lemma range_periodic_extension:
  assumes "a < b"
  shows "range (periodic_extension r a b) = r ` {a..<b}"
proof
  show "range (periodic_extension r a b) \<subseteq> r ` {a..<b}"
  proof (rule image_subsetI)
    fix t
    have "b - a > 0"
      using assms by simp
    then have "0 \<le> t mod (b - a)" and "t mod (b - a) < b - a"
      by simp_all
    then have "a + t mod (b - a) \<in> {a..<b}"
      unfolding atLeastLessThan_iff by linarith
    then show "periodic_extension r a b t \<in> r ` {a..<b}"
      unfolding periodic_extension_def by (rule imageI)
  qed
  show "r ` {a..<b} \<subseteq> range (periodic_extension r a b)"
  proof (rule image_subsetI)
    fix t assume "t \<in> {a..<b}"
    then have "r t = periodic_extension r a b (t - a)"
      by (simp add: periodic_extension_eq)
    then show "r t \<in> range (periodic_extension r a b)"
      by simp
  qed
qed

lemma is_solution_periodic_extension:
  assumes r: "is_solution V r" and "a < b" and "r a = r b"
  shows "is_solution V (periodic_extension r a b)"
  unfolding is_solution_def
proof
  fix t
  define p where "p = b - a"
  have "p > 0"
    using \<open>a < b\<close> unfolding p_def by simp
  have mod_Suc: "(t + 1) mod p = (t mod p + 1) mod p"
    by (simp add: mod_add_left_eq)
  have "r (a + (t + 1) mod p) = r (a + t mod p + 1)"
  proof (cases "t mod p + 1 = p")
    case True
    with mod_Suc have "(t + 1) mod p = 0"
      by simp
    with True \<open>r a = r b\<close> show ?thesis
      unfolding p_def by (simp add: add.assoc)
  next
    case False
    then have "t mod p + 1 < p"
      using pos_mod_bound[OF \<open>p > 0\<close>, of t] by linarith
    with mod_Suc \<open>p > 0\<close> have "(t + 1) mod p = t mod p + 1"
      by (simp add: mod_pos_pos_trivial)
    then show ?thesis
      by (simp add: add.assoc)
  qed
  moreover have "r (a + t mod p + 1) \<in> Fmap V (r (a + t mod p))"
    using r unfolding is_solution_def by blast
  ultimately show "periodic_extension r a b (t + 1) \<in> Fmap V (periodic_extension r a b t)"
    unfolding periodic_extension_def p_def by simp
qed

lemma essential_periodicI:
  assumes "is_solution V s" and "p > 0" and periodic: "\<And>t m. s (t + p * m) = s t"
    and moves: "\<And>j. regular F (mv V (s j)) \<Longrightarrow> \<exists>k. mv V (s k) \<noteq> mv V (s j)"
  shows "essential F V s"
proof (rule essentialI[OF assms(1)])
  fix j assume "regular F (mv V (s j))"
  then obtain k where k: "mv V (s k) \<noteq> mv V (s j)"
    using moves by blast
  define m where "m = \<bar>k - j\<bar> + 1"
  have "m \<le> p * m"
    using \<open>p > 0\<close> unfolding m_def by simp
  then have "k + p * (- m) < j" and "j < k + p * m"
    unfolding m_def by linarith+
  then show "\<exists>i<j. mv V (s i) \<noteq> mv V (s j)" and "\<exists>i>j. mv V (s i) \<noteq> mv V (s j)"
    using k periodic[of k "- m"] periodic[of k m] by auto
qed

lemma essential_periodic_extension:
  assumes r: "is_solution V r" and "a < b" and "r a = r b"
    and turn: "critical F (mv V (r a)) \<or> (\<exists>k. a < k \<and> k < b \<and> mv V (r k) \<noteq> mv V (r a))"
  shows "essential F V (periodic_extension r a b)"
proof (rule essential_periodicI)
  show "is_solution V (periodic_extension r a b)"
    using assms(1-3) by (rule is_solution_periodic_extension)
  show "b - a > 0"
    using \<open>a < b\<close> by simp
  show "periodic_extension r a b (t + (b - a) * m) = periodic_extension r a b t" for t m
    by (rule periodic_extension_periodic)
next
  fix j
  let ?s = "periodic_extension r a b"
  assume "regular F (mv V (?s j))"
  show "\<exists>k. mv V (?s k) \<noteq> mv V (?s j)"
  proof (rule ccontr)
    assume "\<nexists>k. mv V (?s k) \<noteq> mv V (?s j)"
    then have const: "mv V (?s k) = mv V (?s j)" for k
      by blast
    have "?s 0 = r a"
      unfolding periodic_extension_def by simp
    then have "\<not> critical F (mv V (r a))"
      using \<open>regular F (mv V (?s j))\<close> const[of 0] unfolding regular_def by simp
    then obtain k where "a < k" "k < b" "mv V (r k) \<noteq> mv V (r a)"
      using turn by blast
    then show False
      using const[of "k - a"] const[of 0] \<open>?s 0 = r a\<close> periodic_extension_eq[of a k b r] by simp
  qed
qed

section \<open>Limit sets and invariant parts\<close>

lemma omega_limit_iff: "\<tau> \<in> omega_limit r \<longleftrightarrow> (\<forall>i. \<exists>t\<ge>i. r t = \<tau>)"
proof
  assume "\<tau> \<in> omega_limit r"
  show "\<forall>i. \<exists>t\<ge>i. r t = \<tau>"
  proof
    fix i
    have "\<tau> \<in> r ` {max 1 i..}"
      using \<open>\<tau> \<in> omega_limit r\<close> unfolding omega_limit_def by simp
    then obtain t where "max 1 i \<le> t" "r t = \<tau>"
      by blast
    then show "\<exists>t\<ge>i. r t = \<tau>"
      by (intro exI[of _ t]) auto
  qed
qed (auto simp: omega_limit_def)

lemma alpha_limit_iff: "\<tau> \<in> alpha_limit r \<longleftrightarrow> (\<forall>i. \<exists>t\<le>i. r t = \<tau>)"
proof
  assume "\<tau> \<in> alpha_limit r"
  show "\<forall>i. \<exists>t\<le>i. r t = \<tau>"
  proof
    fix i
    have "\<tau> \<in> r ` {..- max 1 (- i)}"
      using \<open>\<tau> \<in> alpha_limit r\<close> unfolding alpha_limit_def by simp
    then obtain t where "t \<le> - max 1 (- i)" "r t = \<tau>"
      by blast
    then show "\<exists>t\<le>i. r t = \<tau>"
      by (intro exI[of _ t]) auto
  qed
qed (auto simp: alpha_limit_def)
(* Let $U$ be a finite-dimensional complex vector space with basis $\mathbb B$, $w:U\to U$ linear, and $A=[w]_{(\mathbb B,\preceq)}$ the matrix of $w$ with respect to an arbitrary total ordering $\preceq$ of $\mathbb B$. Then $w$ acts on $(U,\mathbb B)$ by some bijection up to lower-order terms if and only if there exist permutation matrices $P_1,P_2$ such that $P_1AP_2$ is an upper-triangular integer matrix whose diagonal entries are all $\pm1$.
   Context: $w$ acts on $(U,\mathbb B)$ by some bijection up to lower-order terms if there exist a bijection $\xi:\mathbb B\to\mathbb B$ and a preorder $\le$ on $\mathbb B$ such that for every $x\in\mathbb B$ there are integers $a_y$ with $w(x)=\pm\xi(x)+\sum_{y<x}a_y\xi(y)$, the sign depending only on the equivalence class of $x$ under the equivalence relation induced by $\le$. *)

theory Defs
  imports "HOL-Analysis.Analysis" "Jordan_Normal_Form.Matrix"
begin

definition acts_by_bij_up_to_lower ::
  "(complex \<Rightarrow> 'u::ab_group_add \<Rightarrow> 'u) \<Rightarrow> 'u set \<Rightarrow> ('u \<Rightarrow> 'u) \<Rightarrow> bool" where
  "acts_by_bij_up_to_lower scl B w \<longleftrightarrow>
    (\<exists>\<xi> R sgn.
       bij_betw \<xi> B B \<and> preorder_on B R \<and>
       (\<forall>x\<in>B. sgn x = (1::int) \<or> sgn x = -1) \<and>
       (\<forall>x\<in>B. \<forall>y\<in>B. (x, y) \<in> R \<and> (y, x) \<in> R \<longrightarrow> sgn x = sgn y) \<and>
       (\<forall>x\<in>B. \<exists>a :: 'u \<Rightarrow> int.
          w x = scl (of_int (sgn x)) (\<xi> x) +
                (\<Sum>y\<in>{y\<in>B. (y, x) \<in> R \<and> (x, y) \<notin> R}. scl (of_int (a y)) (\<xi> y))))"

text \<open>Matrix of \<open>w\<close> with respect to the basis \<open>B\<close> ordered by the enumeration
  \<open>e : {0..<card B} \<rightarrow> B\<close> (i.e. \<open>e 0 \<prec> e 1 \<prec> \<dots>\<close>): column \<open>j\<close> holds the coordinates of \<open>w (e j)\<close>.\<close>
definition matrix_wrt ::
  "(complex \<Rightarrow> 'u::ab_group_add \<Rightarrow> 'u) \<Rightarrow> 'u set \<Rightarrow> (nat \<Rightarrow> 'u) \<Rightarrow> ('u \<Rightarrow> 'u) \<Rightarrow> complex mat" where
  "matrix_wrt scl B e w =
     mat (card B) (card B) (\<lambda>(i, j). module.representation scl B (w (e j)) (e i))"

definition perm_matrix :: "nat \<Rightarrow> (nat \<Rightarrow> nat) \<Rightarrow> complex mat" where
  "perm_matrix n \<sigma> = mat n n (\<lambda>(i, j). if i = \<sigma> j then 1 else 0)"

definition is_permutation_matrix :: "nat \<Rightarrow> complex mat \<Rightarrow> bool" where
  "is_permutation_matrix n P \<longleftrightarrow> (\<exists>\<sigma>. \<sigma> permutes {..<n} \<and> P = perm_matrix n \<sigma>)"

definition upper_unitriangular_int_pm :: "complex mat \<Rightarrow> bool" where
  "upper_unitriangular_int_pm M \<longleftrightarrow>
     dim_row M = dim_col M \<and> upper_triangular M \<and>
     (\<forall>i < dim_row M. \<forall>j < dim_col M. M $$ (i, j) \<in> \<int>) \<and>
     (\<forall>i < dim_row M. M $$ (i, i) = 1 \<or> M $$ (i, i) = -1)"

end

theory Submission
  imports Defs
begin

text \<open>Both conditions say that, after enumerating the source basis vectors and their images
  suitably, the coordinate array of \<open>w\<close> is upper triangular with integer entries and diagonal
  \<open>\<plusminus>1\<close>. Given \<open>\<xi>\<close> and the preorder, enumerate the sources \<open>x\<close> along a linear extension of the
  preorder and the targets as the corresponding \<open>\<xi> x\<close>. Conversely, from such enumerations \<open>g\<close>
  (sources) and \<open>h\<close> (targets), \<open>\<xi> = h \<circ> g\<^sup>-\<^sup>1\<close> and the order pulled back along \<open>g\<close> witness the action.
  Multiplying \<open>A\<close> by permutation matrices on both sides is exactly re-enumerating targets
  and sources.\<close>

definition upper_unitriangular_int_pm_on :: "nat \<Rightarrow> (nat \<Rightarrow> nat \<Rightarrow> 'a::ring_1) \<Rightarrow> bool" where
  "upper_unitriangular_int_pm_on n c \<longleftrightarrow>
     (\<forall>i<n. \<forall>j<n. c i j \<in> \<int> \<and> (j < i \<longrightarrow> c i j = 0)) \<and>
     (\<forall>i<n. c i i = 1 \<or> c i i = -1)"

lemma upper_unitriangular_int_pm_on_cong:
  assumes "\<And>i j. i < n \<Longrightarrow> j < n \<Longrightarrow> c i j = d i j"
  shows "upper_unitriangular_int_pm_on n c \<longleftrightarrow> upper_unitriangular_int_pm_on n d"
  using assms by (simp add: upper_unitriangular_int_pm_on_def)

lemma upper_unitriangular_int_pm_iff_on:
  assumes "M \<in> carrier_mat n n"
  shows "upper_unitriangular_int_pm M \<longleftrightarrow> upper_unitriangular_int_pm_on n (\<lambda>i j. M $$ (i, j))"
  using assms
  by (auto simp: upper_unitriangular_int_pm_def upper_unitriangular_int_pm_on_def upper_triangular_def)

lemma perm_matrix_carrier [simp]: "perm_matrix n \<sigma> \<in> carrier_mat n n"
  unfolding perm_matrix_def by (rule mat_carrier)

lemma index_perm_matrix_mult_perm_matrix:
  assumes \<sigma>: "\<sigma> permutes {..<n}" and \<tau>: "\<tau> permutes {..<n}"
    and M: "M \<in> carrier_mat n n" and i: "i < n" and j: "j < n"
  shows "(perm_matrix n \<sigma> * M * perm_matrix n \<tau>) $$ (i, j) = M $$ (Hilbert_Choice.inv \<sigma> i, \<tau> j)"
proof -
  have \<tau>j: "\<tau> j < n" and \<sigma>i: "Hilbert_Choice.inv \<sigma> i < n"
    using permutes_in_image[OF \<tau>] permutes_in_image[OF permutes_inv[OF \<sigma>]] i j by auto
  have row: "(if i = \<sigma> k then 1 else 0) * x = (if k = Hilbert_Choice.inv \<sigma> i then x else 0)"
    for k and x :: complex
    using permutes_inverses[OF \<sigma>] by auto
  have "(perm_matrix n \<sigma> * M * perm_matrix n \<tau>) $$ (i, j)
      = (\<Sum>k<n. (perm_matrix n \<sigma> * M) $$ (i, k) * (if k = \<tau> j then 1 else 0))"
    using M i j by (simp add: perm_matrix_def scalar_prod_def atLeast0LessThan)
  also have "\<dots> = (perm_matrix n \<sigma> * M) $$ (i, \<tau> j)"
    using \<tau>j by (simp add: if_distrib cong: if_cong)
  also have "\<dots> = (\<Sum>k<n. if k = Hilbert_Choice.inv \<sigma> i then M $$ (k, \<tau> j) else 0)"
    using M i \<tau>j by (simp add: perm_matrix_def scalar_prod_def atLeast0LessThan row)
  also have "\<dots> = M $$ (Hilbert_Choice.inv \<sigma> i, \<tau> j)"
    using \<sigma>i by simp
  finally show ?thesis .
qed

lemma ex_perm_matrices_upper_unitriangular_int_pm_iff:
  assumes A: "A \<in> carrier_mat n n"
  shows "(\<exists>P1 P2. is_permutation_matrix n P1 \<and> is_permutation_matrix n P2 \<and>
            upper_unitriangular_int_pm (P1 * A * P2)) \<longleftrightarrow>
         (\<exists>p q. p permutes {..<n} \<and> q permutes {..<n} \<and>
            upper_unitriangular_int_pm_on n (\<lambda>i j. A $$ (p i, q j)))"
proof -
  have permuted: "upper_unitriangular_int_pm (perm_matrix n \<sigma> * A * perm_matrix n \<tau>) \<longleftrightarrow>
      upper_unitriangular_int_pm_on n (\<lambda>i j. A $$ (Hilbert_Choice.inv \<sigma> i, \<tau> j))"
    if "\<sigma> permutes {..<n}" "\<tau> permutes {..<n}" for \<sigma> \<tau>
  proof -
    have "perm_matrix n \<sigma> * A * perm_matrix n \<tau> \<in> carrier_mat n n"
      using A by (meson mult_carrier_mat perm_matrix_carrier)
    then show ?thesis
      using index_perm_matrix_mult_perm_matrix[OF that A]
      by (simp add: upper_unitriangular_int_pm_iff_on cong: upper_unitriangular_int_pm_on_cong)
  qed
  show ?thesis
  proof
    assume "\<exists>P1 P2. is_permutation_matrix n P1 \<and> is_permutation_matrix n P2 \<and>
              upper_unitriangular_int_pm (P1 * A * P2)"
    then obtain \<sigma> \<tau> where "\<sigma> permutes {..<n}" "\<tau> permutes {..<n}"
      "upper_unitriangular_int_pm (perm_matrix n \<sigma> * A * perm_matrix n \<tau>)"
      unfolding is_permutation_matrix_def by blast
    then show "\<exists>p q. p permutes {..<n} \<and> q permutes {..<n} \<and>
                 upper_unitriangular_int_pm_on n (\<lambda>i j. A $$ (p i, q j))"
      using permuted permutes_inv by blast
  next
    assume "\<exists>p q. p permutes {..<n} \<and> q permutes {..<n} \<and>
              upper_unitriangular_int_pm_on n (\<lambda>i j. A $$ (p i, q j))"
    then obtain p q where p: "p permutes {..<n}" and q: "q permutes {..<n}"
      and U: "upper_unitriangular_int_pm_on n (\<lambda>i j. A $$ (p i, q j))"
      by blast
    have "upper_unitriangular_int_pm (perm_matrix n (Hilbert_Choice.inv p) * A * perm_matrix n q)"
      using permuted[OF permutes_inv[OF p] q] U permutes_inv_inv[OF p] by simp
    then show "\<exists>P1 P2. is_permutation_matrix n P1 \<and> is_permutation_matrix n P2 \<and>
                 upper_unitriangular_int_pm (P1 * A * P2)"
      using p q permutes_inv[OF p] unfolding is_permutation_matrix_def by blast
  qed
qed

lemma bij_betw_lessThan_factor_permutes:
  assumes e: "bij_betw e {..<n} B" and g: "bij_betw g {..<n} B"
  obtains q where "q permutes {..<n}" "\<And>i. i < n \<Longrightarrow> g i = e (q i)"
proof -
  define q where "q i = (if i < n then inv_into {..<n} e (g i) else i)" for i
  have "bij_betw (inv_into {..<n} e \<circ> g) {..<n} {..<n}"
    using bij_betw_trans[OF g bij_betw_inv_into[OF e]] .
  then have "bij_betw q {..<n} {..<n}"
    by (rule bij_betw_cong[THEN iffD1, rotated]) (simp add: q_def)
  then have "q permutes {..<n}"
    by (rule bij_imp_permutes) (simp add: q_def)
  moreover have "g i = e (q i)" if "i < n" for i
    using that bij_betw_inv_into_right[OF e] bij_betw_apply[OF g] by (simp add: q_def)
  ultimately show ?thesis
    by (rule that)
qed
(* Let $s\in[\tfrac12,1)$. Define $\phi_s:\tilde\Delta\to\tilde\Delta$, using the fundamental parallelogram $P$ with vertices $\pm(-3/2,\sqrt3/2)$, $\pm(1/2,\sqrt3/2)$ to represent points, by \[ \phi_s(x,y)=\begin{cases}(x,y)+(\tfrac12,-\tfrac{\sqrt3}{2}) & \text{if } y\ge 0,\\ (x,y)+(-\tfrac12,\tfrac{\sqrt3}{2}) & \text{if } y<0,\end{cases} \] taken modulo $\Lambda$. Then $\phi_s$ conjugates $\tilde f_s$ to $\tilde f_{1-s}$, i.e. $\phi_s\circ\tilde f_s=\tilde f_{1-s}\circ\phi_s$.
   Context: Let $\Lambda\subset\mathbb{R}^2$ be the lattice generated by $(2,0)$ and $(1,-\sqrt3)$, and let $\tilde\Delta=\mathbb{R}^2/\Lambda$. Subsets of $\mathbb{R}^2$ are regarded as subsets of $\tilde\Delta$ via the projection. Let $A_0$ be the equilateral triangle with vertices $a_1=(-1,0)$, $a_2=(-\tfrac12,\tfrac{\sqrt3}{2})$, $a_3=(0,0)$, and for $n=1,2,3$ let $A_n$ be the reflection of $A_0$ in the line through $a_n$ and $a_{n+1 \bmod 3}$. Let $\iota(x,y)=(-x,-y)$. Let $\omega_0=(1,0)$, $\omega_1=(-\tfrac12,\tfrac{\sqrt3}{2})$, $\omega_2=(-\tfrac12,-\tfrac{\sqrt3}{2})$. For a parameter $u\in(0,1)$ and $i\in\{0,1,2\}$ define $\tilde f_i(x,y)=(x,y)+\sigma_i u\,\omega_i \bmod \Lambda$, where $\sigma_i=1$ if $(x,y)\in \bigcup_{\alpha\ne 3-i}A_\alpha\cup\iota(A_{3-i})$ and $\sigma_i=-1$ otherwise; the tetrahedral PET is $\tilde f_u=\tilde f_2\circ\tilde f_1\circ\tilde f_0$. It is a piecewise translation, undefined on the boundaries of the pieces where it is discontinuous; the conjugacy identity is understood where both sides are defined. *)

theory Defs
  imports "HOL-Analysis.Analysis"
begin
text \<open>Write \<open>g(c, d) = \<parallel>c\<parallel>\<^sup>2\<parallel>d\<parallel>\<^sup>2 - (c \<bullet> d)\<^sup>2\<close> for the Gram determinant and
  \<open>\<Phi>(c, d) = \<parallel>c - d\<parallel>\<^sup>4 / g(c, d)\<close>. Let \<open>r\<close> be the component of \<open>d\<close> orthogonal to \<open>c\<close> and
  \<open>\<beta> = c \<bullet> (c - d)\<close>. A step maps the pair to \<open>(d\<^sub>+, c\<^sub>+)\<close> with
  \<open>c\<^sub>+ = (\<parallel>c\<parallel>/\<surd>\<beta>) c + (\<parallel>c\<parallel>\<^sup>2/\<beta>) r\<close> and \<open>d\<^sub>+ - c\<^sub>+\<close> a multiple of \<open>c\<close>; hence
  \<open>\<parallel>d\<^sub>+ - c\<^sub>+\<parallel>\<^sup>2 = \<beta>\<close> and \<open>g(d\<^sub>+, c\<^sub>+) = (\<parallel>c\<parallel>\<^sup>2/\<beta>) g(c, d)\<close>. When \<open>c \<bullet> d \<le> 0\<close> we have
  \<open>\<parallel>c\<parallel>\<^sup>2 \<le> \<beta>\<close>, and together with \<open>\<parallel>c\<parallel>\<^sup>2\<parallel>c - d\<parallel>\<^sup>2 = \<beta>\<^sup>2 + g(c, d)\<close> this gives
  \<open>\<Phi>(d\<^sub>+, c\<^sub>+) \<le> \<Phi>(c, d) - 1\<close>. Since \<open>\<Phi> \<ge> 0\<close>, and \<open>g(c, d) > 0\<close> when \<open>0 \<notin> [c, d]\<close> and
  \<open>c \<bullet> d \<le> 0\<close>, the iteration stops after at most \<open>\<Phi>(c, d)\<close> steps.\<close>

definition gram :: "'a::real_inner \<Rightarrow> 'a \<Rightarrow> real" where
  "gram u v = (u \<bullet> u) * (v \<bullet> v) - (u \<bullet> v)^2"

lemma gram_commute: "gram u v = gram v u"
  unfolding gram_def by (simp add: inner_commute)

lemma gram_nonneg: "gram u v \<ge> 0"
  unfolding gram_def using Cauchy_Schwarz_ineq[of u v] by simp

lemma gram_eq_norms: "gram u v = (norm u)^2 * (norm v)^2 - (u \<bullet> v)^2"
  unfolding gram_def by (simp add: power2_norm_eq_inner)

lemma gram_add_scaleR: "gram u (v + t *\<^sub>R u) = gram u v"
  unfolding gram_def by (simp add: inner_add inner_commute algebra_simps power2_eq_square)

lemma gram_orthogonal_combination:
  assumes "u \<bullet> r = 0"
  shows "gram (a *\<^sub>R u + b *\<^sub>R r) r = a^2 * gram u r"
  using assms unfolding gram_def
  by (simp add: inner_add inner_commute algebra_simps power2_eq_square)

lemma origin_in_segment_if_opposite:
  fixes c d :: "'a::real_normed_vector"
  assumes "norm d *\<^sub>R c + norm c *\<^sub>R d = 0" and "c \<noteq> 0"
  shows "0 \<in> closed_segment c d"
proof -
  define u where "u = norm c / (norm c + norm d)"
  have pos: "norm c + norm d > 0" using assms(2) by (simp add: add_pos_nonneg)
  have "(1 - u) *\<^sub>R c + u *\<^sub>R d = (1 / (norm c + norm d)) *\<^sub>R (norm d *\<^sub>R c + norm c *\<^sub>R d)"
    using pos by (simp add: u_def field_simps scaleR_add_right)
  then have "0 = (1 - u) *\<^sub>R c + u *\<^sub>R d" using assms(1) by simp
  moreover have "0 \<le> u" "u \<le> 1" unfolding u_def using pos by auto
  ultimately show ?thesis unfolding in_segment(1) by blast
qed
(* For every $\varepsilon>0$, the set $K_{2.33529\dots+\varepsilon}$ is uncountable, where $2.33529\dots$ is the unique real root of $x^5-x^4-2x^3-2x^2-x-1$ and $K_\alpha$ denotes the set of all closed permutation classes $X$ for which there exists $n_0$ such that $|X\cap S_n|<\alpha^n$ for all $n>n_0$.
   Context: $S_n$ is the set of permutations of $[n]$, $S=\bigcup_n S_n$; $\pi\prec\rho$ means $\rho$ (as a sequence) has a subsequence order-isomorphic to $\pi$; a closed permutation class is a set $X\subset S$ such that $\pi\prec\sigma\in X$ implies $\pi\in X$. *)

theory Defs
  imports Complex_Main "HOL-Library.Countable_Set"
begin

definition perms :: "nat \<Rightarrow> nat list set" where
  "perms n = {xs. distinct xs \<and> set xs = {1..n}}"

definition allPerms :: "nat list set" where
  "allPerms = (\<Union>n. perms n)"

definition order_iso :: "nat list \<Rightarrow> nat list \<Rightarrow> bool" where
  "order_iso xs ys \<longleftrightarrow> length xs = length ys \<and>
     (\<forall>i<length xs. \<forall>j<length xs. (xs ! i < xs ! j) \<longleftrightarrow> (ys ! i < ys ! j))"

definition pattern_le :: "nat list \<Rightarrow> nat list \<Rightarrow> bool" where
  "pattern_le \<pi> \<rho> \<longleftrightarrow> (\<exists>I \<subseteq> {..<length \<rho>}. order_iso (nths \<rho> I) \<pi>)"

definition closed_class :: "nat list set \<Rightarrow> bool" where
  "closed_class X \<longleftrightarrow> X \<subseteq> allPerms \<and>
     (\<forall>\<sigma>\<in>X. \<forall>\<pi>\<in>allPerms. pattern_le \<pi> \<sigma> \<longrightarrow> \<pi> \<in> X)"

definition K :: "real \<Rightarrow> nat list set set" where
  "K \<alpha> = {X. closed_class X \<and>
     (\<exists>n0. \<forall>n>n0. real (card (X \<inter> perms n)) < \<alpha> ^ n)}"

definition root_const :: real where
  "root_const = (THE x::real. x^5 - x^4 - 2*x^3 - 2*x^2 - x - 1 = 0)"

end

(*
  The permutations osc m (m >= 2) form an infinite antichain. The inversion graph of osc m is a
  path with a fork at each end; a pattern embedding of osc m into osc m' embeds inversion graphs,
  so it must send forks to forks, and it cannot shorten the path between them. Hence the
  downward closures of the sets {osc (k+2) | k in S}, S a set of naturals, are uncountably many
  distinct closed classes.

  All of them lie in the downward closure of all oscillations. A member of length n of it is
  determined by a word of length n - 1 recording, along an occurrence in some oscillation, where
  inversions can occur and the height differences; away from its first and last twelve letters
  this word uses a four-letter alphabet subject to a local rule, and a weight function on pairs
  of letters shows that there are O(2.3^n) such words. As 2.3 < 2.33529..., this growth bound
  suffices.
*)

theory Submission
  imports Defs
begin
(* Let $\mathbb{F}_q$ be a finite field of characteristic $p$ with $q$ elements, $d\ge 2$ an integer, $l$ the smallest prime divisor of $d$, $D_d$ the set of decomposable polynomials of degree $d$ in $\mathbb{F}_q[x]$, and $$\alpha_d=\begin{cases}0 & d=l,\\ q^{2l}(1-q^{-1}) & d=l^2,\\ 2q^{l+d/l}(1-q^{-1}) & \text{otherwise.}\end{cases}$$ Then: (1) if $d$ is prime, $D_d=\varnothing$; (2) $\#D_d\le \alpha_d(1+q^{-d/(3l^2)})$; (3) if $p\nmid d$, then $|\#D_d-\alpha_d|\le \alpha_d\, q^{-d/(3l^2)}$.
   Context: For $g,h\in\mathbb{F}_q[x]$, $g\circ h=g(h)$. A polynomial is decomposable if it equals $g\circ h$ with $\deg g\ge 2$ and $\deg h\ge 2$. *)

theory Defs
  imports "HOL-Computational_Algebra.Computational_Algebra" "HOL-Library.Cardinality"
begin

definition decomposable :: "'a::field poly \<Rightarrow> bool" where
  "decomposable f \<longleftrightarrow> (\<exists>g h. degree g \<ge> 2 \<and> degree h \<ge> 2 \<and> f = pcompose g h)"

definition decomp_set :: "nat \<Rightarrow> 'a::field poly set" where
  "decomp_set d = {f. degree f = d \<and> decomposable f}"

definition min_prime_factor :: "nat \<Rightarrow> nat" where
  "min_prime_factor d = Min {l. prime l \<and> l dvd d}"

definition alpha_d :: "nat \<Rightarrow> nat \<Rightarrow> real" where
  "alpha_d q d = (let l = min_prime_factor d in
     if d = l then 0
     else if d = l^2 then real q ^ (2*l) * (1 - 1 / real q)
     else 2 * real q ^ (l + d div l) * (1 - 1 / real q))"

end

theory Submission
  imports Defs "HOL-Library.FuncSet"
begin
┄┄┄┄┄┄┄┄┄┄┄┄┄┄┄┄┄┄┄┄
# WHAT YOU SHOULD DO:
Reproduce exactly the stretch of the material above that starts at the line with "by simp_all" and ends at the line with "with mod_Suc have", both included, and nothing else.

# EXERCISE RESULT:
      by simp_all
    then have "a + t mod (b - a) \<in> {a..<b}"
      unfolding atLeastLessThan_iff by linarith
    then show "periodic_extension r a b t \<in> r ` {a..<b}"
      unfolding periodic_extension_def by (rule imageI)
  qed
  show "r ` {a..<b} \<subseteq> range (periodic_extension r a b)"
  proof (rule image_subsetI)
    fix t assume "t \<in> {a..<b}"
    then have "r t = periodic_extension r a b (t - a)"
      by (simp add: periodic_extension_eq)
    then show "r t \<in> range (periodic_extension r a b)"
      by simp
  qed
qed

lemma is_solution_periodic_extension:
  assumes r: "is_solution V r" and "a < b" and "r a = r b"
  shows "is_solution V (periodic_extension r a b)"
  unfolding is_solution_def
proof
  fix t
  define p where "p = b - a"
  have "p > 0"
    using \<open>a < b\<close> unfolding p_def by simp
  have mod_Suc: "(t + 1) mod p = (t mod p + 1) mod p"
    by (simp add: mod_add_left_eq)
  have "r (a + (t + 1) mod p) = r (a + t mod p + 1)"
  proof (cases "t mod p + 1 = p")
    case True
    with mod_Suc have "(t + 1) mod p = 0"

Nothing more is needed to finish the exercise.